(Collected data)
--------------------
lemma (in real_distribution) CVaR_le_r_star_C:
  assumes "AE x in M. - a \<le> x \<and> x \<le> b" and "measure M {..<c} \<le> eps" "eps \<le> 1"
    and "0 < alpha" "alpha \<le> 1" and "k < N" "r k \<le> c"
  shows "CVaR alpha M (\<lambda>x. - x) \<le> r_star_C alpha a eps N r"
proof -
  define worst where "worst = (MAX k\<in>{..<N}. - r k)"
  have "- c \<le> worst"
    unfolding worst_def using assms(6,7) by (intro order_trans[OF _ Max_ge[of _ "- r k"]]) auto
  then have "prob {x \<in> space M. worst < - x} \<le> prob {..<c}"
    by (intro finite_measure_mono) auto
  moreover have "integrable M (\<lambda>x. - x)"
  proof (rule integrable_const_bound)
    show "AE x in M. norm (- x) \<le> max a b"
      using assms(1) by eventually_elim auto
  qed simp
  ultimately have "CVaR alpha M (\<lambda>x. - x) \<le> scenario_cost alpha a eps worst"
    using assms(1-5) by (intro CVaR_le_scenario_cost) (auto elim!: eventually_mono)
  then show ?thesis
    using assms(4,6) by (simp add: r_star_C_eq_scenario_cost worst_def)
qed

lemma (in prob_space) measure_PiM_PiE_const:
  assumes "finite I" "A \<in> events"
  shows "measure (PiM I (\<lambda>_. M)) (PiE I (\<lambda>_. A)) = prob A ^ card I"
proof -
  interpret product_sigma_finite "\<lambda>_. M"
    by (simp add: product_sigma_finite_def sigma_finite_measure_axioms)
  interpret P: prob_space "PiM I (\<lambda>_. M)"
    by (intro prob_space_PiM prob_space_axioms)
  have "emeasure (PiM I (\<lambda>_. M)) (PiE I (\<lambda>_. A)) = (\<Prod>i\<in>I. emeasure M A)"
    using assms by (intro emeasure_PiM) auto
  also have "\<dots> = ennreal (prob A ^ card I)"
    by (simp add: emeasure_eq_measure prod_ennreal ennreal_power)
  finally show ?thesis
    by (simp add: P.emeasure_eq_measure)
qed

lemma (in real_distribution) measure_PiM_exists_le:
  assumes "finite I"
  shows "measure (PiM I (\<lambda>_. M)) {r \<in> space (PiM I (\<lambda>_. M)). \<exists>k\<in>I. r k \<le> c}
           = 1 - measure M {c<..} ^ card I"
proof -
  interpret P: prob_space "PiM I (\<lambda>_. M)"
    by (intro prob_space_PiM prob_space_axioms)
  have "{r \<in> space (PiM I (\<lambda>_. M)). \<exists>k\<in>I. r k \<le> c} = space (PiM I (\<lambda>_. M)) - PiE I (\<lambda>_. {c<..})"
    by (auto simp: space_PiM PiE_def Pi_def extensional_def not_less)
  then show ?thesis
    using P.prob_compl measure_PiM_PiE_const[OF assms, of "{c<..}"] assms
    by (simp add: sets_PiM_I_finite)
qed

lemma power_le_of_sample_size:
  fixes eps gamma :: real
  assumes "0 < eps" "eps < 1" "gamma < 1"
    and "real N \<ge> ln (1 - gamma) / ln (1 - eps)"
  shows "(1 - eps) ^ N \<le> 1 - gamma"
proof -
  have "real N * ln (1 - eps) \<le> ln (1 - gamma)"
    using assms by (simp add: divide_le_eq mult.commute)
  then have "ln ((1 - eps) ^ N) \<le> ln (1 - gamma)"
    using assms by (simp add: ln_realpow)
  then show ?thesis
    using assms by simp
qed

theorem corollary7:
  fixes M :: "real measure" and a b eps gamma alpha :: real and N :: nat
  assumes "prob_space M"
    and "sets M = sets borel"
    and "a > 0" and "b > 0"
    and "AE r in M. - a \<le> r \<and> r \<le> b"
    and "0 < eps" and "eps < 1"
    and "0 \<le> gamma" and "gamma < 1"
    and "0 < alpha" and "alpha \<le> 1"
    and "real N \<ge> ln (1 - gamma) / ln (1 - eps)"
  shows "measure (PiM {..<N} (\<lambda>_. M))
           {r \<in> space (PiM {..<N} (\<lambda>_. M)).
              r_star_C alpha a eps N r \<ge> CVaR alpha M (\<lambda>x. - x)} \<ge> gamma"
proof -
  interpret real_distribution M
    using assms(1,2) by (simp add: real_distribution_def real_distribution_axioms_def)
  let ?P = "PiM {..<N} (\<lambda>_. M)"
  let ?good = "{r \<in> space ?P. r_star_C alpha a eps N r \<ge> CVaR alpha M (\<lambda>x. - x)}"
  interpret P: prob_space ?P
    by (intro prob_space_PiM prob_space_axioms)
  have sample_size: "(1 - eps) ^ N \<le> 1 - gamma"
    using assms(6,7,9,12) by (rule power_le_of_sample_size)
  show ?thesis
  proof (cases "N = 0")
    case True
    with sample_size show ?thesis by (simp add: order_trans[OF _ measure_nonneg])
  next
    case False
    obtain c where c: "prob {..<c} \<le> eps" "prob {c<..} \<le> 1 - eps"
      using quantile_exists assms(6,7) by blast
    let ?some_below = "{r \<in> space ?P. \<exists>k\<in>{..<N}. r k \<le> c}"
    have "r_star_C alpha a eps N \<in> borel_measurable ?P"
      using False assms(2,6,7,10,11) by (intro borel_measurable_r_star_C) auto
    then have "?good \<in> sets ?P"
      by measurable
    moreover have "?some_below \<subseteq> ?good"
      using assms(7) by (auto intro: CVaR_le_r_star_C[OF assms(5) c(1) _ assms(10,11)])
    ultimately have "measure ?P ?some_below \<le> measure ?P ?good"
      by (rule P.finite_measure_mono[rotated])
    moreover have "gamma \<le> 1 - prob {c<..} ^ N"
      using sample_size power_mono[OF c(2), of N] by simp
    ultimately show ?thesis
      using measure_PiM_exists_le[of "{..<N}" c] by simp
  qed
qed
lemma eventually_sgn_poly_at_bot:
  fixes p :: "real poly"
  assumes "p \<noteq> 0"
  shows "eventually (\<lambda>t. sgn (poly p t) = (-1) ^ degree p * sgn (lead_coeff p)) at_bot"
proof -
  define p' where "p' = pcompose p [:0, -1:]"
  have lc: "lead_coeff p' = (-1) ^ degree p * lead_coeff p"
    unfolding p'_def by (subst lead_coeff_comp) auto
  have "sgn ((-1::real) ^ degree p) = (-1) ^ degree p"
    by (cases "even (degree p)") auto
  moreover have "p' \<noteq> 0"
    using assms lc by auto
  ultimately have "eventually (\<lambda>t. sgn (poly p' t) = (-1) ^ degree p * sgn (lead_coeff p)) at_top"
    using eventually_sgn_poly_at_top[of p'] by (simp add: lc sgn_mult)
  then have "eventually (\<lambda>t. sgn (poly p (-t)) = (-1) ^ degree p * sgn (lead_coeff p)) at_top"
    by (simp add: p'_def poly_pcompose)
  then show ?thesis
    by (simp add: at_bot_mirror eventually_filtermap)
qed

lemma eventually_poly_nonzero_at_infinity:
  fixes p :: "real poly"
  assumes "p \<noteq> 0"
  shows "eventually (\<lambda>t. poly p t \<noteq> 0) at_top" and "eventually (\<lambda>t. poly p t \<noteq> 0) at_bot"
  using eventually_sgn_poly_at_top[OF assms] eventually_sgn_poly_at_bot[OF assms] assms
  by (auto elim!: eventually_mono simp: sgn_0_0)
lemma trace_image_E: "\<U> \<subseteq> Op \<Longrightarrow> trace X \<alpha> ` E ` \<U> = \<U>"
  unfolding image_image using trace_E by (simp add: subset_eq)

lemma image_E_in_CovE:
  assumes "\<U> \<in> Cov"
  shows "E ` \<U> \<in> CovE"
proof -
  have "\<U> \<subseteq> Op" using assms gts_Cov_subset[OF gts] by blast
  with assms show ?thesis by (simp add: CovE_iff trace_image_E image_mono)
qed

lemma Union_CovE: "\<Union>CovE = E ` Op"
proof
  show "\<Union>CovE \<subseteq> E ` Op"
    unfolding CovE_def by blast
  show "E ` Op \<subseteq> \<Union>CovE"
  proof
    fix V assume "V \<in> E ` Op"
    then obtain U where "U \<in> Op" "V = E U" by blast
    then have "E ` {U} \<in> CovE"
      by (intro image_E_in_CovE gts_finite_Cov[OF gts]) simp_all
    then show "V \<in> \<Union>CovE" using \<open>V = E U\<close> by blast
  qed
qed

lemma Int_in_image_E:
  assumes "A \<in> E ` Op" and "B \<in> E ` Op"
  shows "A \<inter> B \<in> E ` Op"
proof -
  obtain U V where UV: "U \<in> Op" "V \<in> Op" "A = E U" "B = E V" using assms by blast
  then have "A \<inter> B = E (U \<inter> V)" by (simp add: E_Int)
  moreover have "U \<inter> V \<in> Op" by (rule gts_Int[OF gts UV(1,2)])
  ultimately show ?thesis by blast
qed

lemma finite_in_CovE:
  assumes "finite \<V>" and "\<V> \<subseteq> E ` Op"
  shows "\<V> \<in> CovE"
proof -
  have "trace X \<alpha> ` \<V> \<subseteq> Op" using assms(2) trace_in_Op by blast
  then have "trace X \<alpha> ` \<V> \<in> Cov" using assms(1) by (simp add: gts_finite_Cov[OF gts])
  with assms(2) show ?thesis by (simp add: CovE_iff)
qed

lemma restrict_in_CovE:
  assumes "\<V> \<in> CovE" and "V \<in> E ` Op" and "V \<subseteq> \<Union>\<V>"
  shows "(\<lambda>U. V \<inter> U) ` \<V> \<in> CovE"
proof -
  have \<V>: "\<V> \<subseteq> E ` Op" "trace X \<alpha> ` \<V> \<in> Cov" using assms(1) by (simp_all add: CovE_iff)
  have "trace X \<alpha> V \<subseteq> \<Union>(trace X \<alpha> ` \<V>)"
    using trace_mono[OF assms(3)] by (simp only: trace_Union)
  then have "(\<lambda>U. trace X \<alpha> V \<inter> U) ` trace X \<alpha> ` \<V> \<in> Cov"
    by (rule gts_restrict_Cov[OF gts \<V>(2) trace_in_Op[OF assms(2)]])
  moreover have "(\<lambda>U. trace X \<alpha> V \<inter> U) ` trace X \<alpha> ` \<V> = trace X \<alpha> ` (\<lambda>U. V \<inter> U) ` \<V>"
    by (simp add: image_image trace_Int)
  moreover have "(\<lambda>U. V \<inter> U) ` \<V> \<subseteq> E ` Op"
    using \<V>(1) Int_in_image_E[OF assms(2)] by blast
  ultimately show ?thesis by (simp add: CovE_iff)
qed
(* Let $G \leq \mathrm{Homeo}(\mathbb{S}^1)$ be a group whose action on $\mathbb{S}^1$ is minimal, proximal, and not topologically free. Then $G$ does not admit any faithful $3$-transitive action on a set $\Omega$ with the following two properties: (1) for every $\omega \in \Omega$ the group $G_\omega$ acts minimally and proximally on $\mathbb{S}^1$; (2) for every $\Delta \in \Omega^{\{2\}}$ the action of $G_\Delta$ on $\mathbb{S}^1$ has a unique fixed point $z(\Delta)$, and the action of $G_\Delta$ on $\mathbb{S}^1 \setminus \{z(\Delta)\}$ is minimal.
   Context: An action of a group $H$ on $\mathbb{S}^1$ is minimal if every orbit is dense; proximal if for all open intervals $I, J \subsetneq \mathbb{S}^1$ with $J \neq \emptyset$ there exists $h \in H$ with $h(I) \subset J$; topologically free if the fixed point set of every non-trivial element has empty interior. An action on $\mathbb{S}^1 \setminus \{z\}$ is minimal if every orbit is dense in it. $G_\omega$ is the stabilizer of $\omega$; $\Omega^{\{2\}}$ is the set of unordered pairs of elements of $\Omega$ and $G_\Delta$ the pointwise stabilizer of $\Delta$. $3$-transitive means transitive on ordered triples of distinct elements. *)

theory Defs
  imports "HOL-Analysis.Analysis" "HOL-Algebra.Group_Action"
begin

definition S1 :: "complex set" where
  "S1 = sphere 0 1"

text \<open>Homeomorphisms of the circle, extended by the identity outside the circle
  (so that composition is the group law and the identity map is the unit).\<close>
definition homeo_S1 :: "(complex \<Rightarrow> complex) set" where
  "homeo_S1 = {f. (\<exists>g. homeomorphism S1 S1 f g) \<and> (\<forall>x. x \<notin> S1 \<longrightarrow> f x = x)}"

definition homeo_grp :: "(complex \<Rightarrow> complex) set \<Rightarrow> (complex \<Rightarrow> complex) monoid" where
  "homeo_grp H = \<lparr>carrier = H, mult = (\<circ>), one = id\<rparr>"

text \<open>Open intervals \<open>I \<subsetneq> S^1\<close>: connected relatively open subsets of the circle
  whose closure is not the whole circle (the empty set included).\<close>
definition circle_interval :: "complex set \<Rightarrow> bool" where
  "circle_interval I \<longleftrightarrow> I \<subseteq> S1 \<and> openin (top_of_set S1) I \<and> connected I \<and> closure I \<noteq> S1"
--------------------
The lines holding the word "assumes" are the answer. Find them in the entries and copy them.

  assumes "AE x in M. - a \<le> x \<and> x \<le> b" and "measure M {..<c} \<le> eps" "eps \<le> 1"
  assumes "finite I" "A \<in> events"
  assumes "finite I"
  assumes "0 < eps" "eps < 1" "gamma < 1"
  assumes "prob_space M"
  assumes "p \<noteq> 0"
  assumes "p \<noteq> 0"
  assumes "\<U> \<in> Cov"
  assumes "A \<in> E ` Op" and "B \<in> E ` Op"
  assumes "finite \<V>" and "\<V> \<subseteq> E ` Op"
  assumes "\<V> \<in> CovE" and "V \<in> E ` Op" and "V \<subseteq> \<Union>\<V>"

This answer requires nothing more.